Granted, you can say interestng about the music but the video, IMO, came off as rather uninteresting since the very concept of reviewing the work as you listen to it is deeply flawed. The first impression might be interesting in theory - fresh, untouched by cold analysis, yeah? But in reality it's just unsettled and premature. At some point you even talk about not being sure what instrument do you hear, "I think it's organ... I'm not sure... sounds like organ..." - this is not very fascinating thing to learn, is it? Perhaps a better idea for video review would be to talk about work you've heard before (perhaps just before recording and after having just a moment to put your thoughts together, so you don't have to say "uhmm..." all the time and play with your hair) the video and play the fragments you're talking about after you express your feelings about them. 

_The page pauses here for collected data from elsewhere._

(* Let $\mathbb{K}=(K,+,\times,0,1)$ be a semiring, let $A=(\Sigma,Q,\nu,\delta)$ be a RWTA with weights in $K$, and let $\sim$ be an equivalence relation on $Q$ that is down compatible with $A$. Then $\mathbb{P}_A=\mathbb{P}_{A_\sim}$.
   Context: A graded alphabet is a finite set $\Sigma=\bigcup_{k\in\mathbb{N}}\Sigma_k$; $T_\Sigma$ is the set of trees $f(t_1,\ldots,t_k)$ with $f\in\Sigma_k$. A RWTA with weights in $K$ is $A=(\Sigma,Q,\nu,\delta)$ with $Q$ finite, $\nu:Q\to K$, $\delta\subseteq\bigcup_k Q\times\Sigma_k\times Q^k$. Write $\delta(f,q_1,\ldots,q_k)=\{q\mid(q,f,q_1,\ldots,q_k)\in\delta\}$, extended to subsets by union over tuples; $\nu(S)=\sum_{s\in S}\nu(s)$ ($\nu(\emptyset)=0$); $\Delta(f(t_1,\ldots,t_k))=\delta(f,\Delta(t_1),\ldots,\Delta(t_k))$; $\mathbb{P}_A(t)=\nu(\Delta(t))$. The down language of $q$ is $L_q(A)=\{t\in T_\Sigma\mid q\in\Delta(t)\}$. An equivalence relation $\sim$ on $Q$ is down compatible with $A$ if $q_1\sim q_2$ implies $L_{q_1}(A)=L_{q_2}(A)$. The quotient of $A$ by an equivalence relation $\sim$ on $Q$ is the RWTA $A_\sim=(\Sigma,Q_\sim,\nu',\delta')$, where $Q_\sim$ is the set of equivalence classes, $\nu'(C)=\sum_{q\in C}\nu(q)$, and for classes $C_1,\ldots,C_{k+1}$ and $f\in\Sigma_k$, $C_{k+1}\in\delta'(f,C_1,\ldots,C_k)$ iff there exist $q_i\in C_i$ ($1\le i\le k+1$) with $q_{k+1}\in\delta(f,q_1,\ldots,q_k)$. *)

theory Defs
  imports Main
begin

(* Ranked trees over symbols of type 'f.  A graded alphabet is a finite set
   Sig of symbols together with a rank function; T_Sigma = wf_trees. *)
datatype 'f tree = Node 'f "'f tree list"

fun wf_tree :: "'f set \<Rightarrow> ('f \<Rightarrow> nat) \<Rightarrow> 'f tree \<Rightarrow> bool" where
  "wf_tree Sig rank (Node f ts) =
     (f \<in> Sig \<and> length ts = rank f \<and> (\<forall>t\<in>set ts. wf_tree Sig rank t))"

definition trees :: "'f set \<Rightarrow> ('f \<Rightarrow> nat) \<Rightarrow> 'f tree set" where
  "trees Sig rank = {t. wf_tree Sig rank t}"

definition rwta :: "'f set \<Rightarrow> ('f \<Rightarrow> nat) \<Rightarrow> 'q set \<Rightarrow> ('q \<times> 'f \<times> 'q list) set \<Rightarrow> bool" where
  "rwta Sig rank Q delta \<longleftrightarrow> finite Sig \<and> finite Q \<and>
     (\<forall>(q, f, qs) \<in> delta. q \<in> Q \<and> f \<in> Sig \<and> length qs = rank f \<and> set qs \<subseteq> Q)"

fun Delta :: "('q \<times> 'f \<times> 'q list) set \<Rightarrow> 'f tree \<Rightarrow> 'q set" where
  "Delta delta (Node f ts) =
     {q. \<exists>qs. list_all2 (\<lambda>q S. q \<in> S) qs (map (Delta delta) ts) \<and> (q, f, qs) \<in> delta}"

definition PA :: "('q \<Rightarrow> 'k::semiring_1) \<Rightarrow> ('q \<times> 'f \<times> 'q list) set \<Rightarrow> 'f tree \<Rightarrow> 'k" where
  "PA nu delta t = sum nu (Delta delta t)"

definition down_lang :: "'f set \<Rightarrow> ('f \<Rightarrow> nat) \<Rightarrow> ('q \<times> 'f \<times> 'q list) set \<Rightarrow> 'q \<Rightarrow> 'f tree set" where
  "down_lang Sig rank delta q = {t \<in> trees Sig rank. q \<in> Delta delta t}"

definition down_compatible ::
  "'f set \<Rightarrow> ('f \<Rightarrow> nat) \<Rightarrow> ('q \<times> 'f \<times> 'q list) set \<Rightarrow> ('q \<times> 'q) set \<Rightarrow> bool" where
  "down_compatible Sig rank delta R \<longleftrightarrow>
     (\<forall>(q1, q2) \<in> R. down_lang Sig rank delta q1 = down_lang Sig rank delta q2)"

definition quot_nu :: "('q \<Rightarrow> 'k::semiring_1) \<Rightarrow> 'q set \<Rightarrow> 'k" where
  "quot_nu nu C = sum nu C"

definition quot_delta ::
  "'q set \<Rightarrow> ('q \<times> 'q) set \<Rightarrow> ('q \<times> 'f \<times> 'q list) set \<Rightarrow> ('q set \<times> 'f \<times> 'q set list) set" where
  "quot_delta Q R delta =
     {(C, f, Cs). C \<in> Q // R \<and> set Cs \<subseteq> Q // R \<and>
        (\<exists>q qs. q \<in> C \<and> list_all2 (\<lambda>q C. q \<in> C) qs Cs \<and> (q, f, qs) \<in> delta)}"

end

theory Submission
  imports Defs
begin

text \<open>By down compatibility the set \<open>\<Delta>(t)\<close> of states reached by a tree is a union of
  equivalence classes, and by induction on \<open>t\<close> the quotient automaton reaches exactly these
  classes. Hence \<open>\<nu>'(\<Delta>'(t))\<close> is the sum of \<open>\<nu>\<close> over \<open>\<Delta>(t)\<close>, regrouped class by class.\<close>

lemma sum_sum_quotient_closed:
  assumes "equiv A r" "finite A" "B \<subseteq> A" "r `` B \<subseteq> B"
  shows "sum (sum f) (B // r) = sum f B"
proof -
  have classes: "B // r \<subseteq> A // r"
    using assms(3) by (auto simp: quotient_def)
  have union: "\<Union> (B // r) = B"
    using assms(1,3,4) by (auto simp: quotient_def dest: equiv_class_self)
  have finite: "\<forall>X \<in> B // r. finite X"
    using classes finite_equiv_class[OF assms(2) equiv_type[OF assms(1)]] by blast
  have disjoint: "\<forall>X \<in> B // r. \<forall>Y \<in> B // r. X \<noteq> Y \<longrightarrow> X \<inter> Y = {}"
    using classes quotient_disj[OF assms(1)] by blast
  show ?thesis
    using sum.Union_disjoint[OF finite disjoint, of f] by (simp add: union)
qed

lemma Delta_subset_states:
  assumes "rwta Sig rank Q delta"
  shows "Delta delta t \<subseteq> Q"
  using assms by (cases t) (auto simp: rwta_def)

lemma Delta_closed_under_down_compatible:
  assumes "down_compatible Sig rank delta R" "wf_tree Sig rank t"
  shows "R `` Delta delta t \<subseteq> Delta delta t"
  using assms by (auto simp: down_compatible_def down_lang_def trees_def)

lemma quot_deltaI:
  assumes "C \<in> Q // R" "set Cs \<subseteq> Q // R" "q \<in> C"
    and "list_all2 (\<lambda>q C. q \<in> C) qs Cs" "(q, f, qs) \<in> delta"
  shows "(C, f, Cs) \<in> quot_delta Q R delta"
  using assms unfolding quot_delta_def by blast

lemma quotient_Delta_subset_Delta_quot_delta:
  assumes rw: "rwta Sig rank Q delta" and eq: "equiv Q R"
  shows "Delta delta t // R \<subseteq> Delta (quot_delta Q R delta) t"
proof (induction t)
  case (Node f ts)
  show ?case
  proof
    fix C assume "C \<in> Delta delta (Node f ts) // R"
    then obtain q qs where C: "C = R `` {q}"
      and qs: "list_all2 (\<lambda>q S. q \<in> S) qs (map (Delta delta) ts)"
      and tr: "(q, f, qs) \<in> delta"
      by (auto simp: quotient_def)
    have in_Q: "q \<in> Q" "set qs \<subseteq> Q"
      using tr rw by (auto simp: rwta_def)
    have self: "\<And>x. x \<in> Q \<Longrightarrow> (x, x) \<in> R"
      using eq by (auto simp: equiv_def refl_on_def)
    define Cs where "Cs = map (\<lambda>q. R `` {q}) qs"
    have "list_all2 (\<lambda>q C. q \<in> C) qs Cs"
      using in_Q(2) by (auto simp: Cs_def list_all2_conv_all_nth intro!: self)
    moreover have "C \<in> Q // R" "q \<in> C" "set Cs \<subseteq> Q // R"
      using in_Q by (auto simp: C Cs_def quotientI self)
    ultimately have "(C, f, Cs) \<in> quot_delta Q R delta"
      using tr by (blast intro: quot_deltaI)
    moreover have "list_all2 (\<lambda>C S. C \<in> S) Cs (map (Delta (quot_delta Q R delta)) ts)"
      using qs unfolding Cs_def
      by (auto simp: list_all2_conv_all_nth intro!: subsetD[OF Node.IH[OF nth_mem]] quotientI)
    ultimately show "C \<in> Delta (quot_delta Q R delta) (Node f ts)"
      by auto
  qed
qed

lemma Delta_quot_delta_subset_quotient:
  assumes eq: "equiv Q R" and dc: "down_compatible Sig rank delta R"
  shows "wf_tree Sig rank t \<Longrightarrow> Delta (quot_delta Q R delta) t \<subseteq> Delta delta t // R"
proof (induction t)
  case (Node f ts)
  show ?case
  proof
    fix C assume "C \<in> Delta (quot_delta Q R delta) (Node f ts)"
    then obtain Cs q qs
      where Cs: "list_all2 (\<lambda>C S. C \<in> S) Cs (map (Delta (quot_delta Q R delta)) ts)"
        and C: "C \<in> Q // R" "q \<in> C"
        and qs: "list_all2 (\<lambda>q C. q \<in> C) qs Cs"
        and tr: "(q, f, qs) \<in> delta"
      by (auto simp: quot_delta_def)
    have "qs ! i \<in> Delta delta (ts ! i)" if i: "i < length qs" for i
    proof -
      have lengths: "i < length ts" "i < length Cs"
        using i Cs qs by (auto simp: list_all2_conv_all_nth)
      then have "wf_tree Sig rank (ts ! i)"
        using Node.prems by simp
      moreover have "Cs ! i \<in> Delta delta (ts ! i) // R"
        using Node.IH[OF nth_mem[OF lengths(1)] \<open>wf_tree Sig rank (ts ! i)\<close>] lengths Cs
        by (auto simp: list_all2_conv_all_nth)
      moreover have "qs ! i \<in> Cs ! i"
        using qs i by (auto simp: list_all2_conv_all_nth)
      ultimately show ?thesis
        using Delta_closed_under_down_compatible[OF dc] by (auto simp: quotient_def)
    qed
    then have "q \<in> Delta delta (Node f ts)"
      using tr Cs qs by (auto simp: list_all2_conv_all_nth)
    moreover have "C = R `` {q}"
      using C eq by (metis Image_singleton_iff equiv_class_eq_iff quotientE)
    ultimately show "C \<in> Delta delta (Node f ts) // R"
      by (simp add: quotientI)
  qed
qed

theorem proposition6:
  fixes Sig :: "'f set" and rank :: "'f \<Rightarrow> nat" and Q :: "'q set"
    and nu :: "'q \<Rightarrow> 'k::semiring_1" and delta :: "('q \<times> 'f \<times> 'q list) set"
    and R :: "('q \<times> 'q) set"
  assumes "rwta Sig rank Q delta"
    and "equiv Q R"
    and "down_compatible Sig rank delta R"
  shows "\<forall>t \<in> trees Sig rank. PA nu delta t = PA (quot_nu nu) (quot_delta Q R delta) t"
proof
  fix t assume "t \<in> trees Sig rank"
  then have wf: "wf_tree Sig rank t" by (simp add: trees_def)
  have "Delta (quot_delta Q R delta) t = Delta delta t // R"
    using quotient_Delta_subset_Delta_quot_delta[OF assms(1,2)]
      Delta_quot_delta_subset_quotient[OF assms(2,3) wf] by blast
  then have "PA (quot_nu nu) (quot_delta Q R delta) t = sum (sum nu) (Delta delta t // R)"
    by (simp add: PA_def quot_nu_def)
  also have "\<dots> = PA nu delta t"
    using sum_sum_quotient_closed[OF assms(2) _ Delta_subset_states[OF assms(1)]
        Delta_closed_under_down_compatible[OF assms(3) wf]] assms(1)
    by (simp add: PA_def rwta_def)
  finally show "PA nu delta t = PA (quot_nu nu) (quot_delta Q R delta) t" ..
qed

end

I'd really love to see you doing this thing with Paganini though. D minor concerto, please.


----------



## Weston (Jul 11, 2008)

I'm subscribed to Darren Lock's channel and I do think it is a cool idea, but I only listen to his reviews of pieces / albums I'm really familiar with. I'm not very familiar with the Ligeti Chamber Concerto (I've just acquired it recently -- so far not my favorite Ligeti  ) and not sure how to play it simultaneously. But, yes, I think I'd try this once in a while.


----------



## Avey (Mar 5, 2013)

Because I don't have any friends/peers/superiors that (I know) listen to classical music, I satisfy my need to discuss/vent on music here. I think many of us are the same. It'd be great to be able to discuss all of this in person, but in reality, especially for people my age (23), classical music isn't exactly popular. Thus, this forum is my social avenue.

That said, I think the "live listen" concept could equally satisfy my desire to hear/discuss classical music. I'm a huge fan of Bill McGlaughlin's Exploring Music program -- which I often play in the background cooking/writing/studying -- and I think this video would be just as interesting.

The problem, however, is that we aren't hearing the music. It's commentary on sound that we don't hear. We may know the piece, but it'd be much better to be able to follow along with the music AND have comments. No one will complain if you speak over the music, as that's the whole point -- "live listen" commentary. So, if you do it again in the future, I'd have the music too.

Also, because I"m not classically-trained, technical tidbits are far more interesting to me than pure emotional responses to music, as we all possess different emotions given any particular work. _Viola_-dude --> analyze viola-heavy pieces?


----------



## PetrB (Feb 28, 2012)

This is missing, twofold, "performance."

1.) the actual music -- leaving it out leaves us out of participating along with you.

2.) A super soft-spoken, laid-back slow tempo verbal delivery with gaps of silence measurable in seconds, the only content being a "listen to me perceive" spiel, is also 'not a performance.'

[Granted, you say, "It's probably best if you listen to the piece I'm listening to along with my video." I'm sure you know that synchronization here is impossible, and the best thing to do would have been to embed the audio in your presentation.]

The moment I realized there was no audible music to tie in to your comments, I felt like I was a voyeur to a session between you and a shrink, your merely talking about your reaction to Rorschach blots or some such, and I lost any and all interest right there.

"Nocializing" is when you are busy with your iPhone while ignoring present company.

Putting on your earphones and excluding the viewer from the music itself, and the expecting us to be interested in what you have to say about what you are hearing that we are not _is damned close to nocializing._

I need a lot more than is here delivered (feel there is 'nothing delivered,' actually) for this premise to work in any way.


----------



## violadude (May 2, 2011)

Ok so it sounds like the overwhelming majority wants sound with the video. I don't know why I didn't think of that to be honest. I was a little bit worried about copyright claims, but whatever.

Here I re-uploaded it with the music in the video. I think it's a lot better. What do you guys think?


----------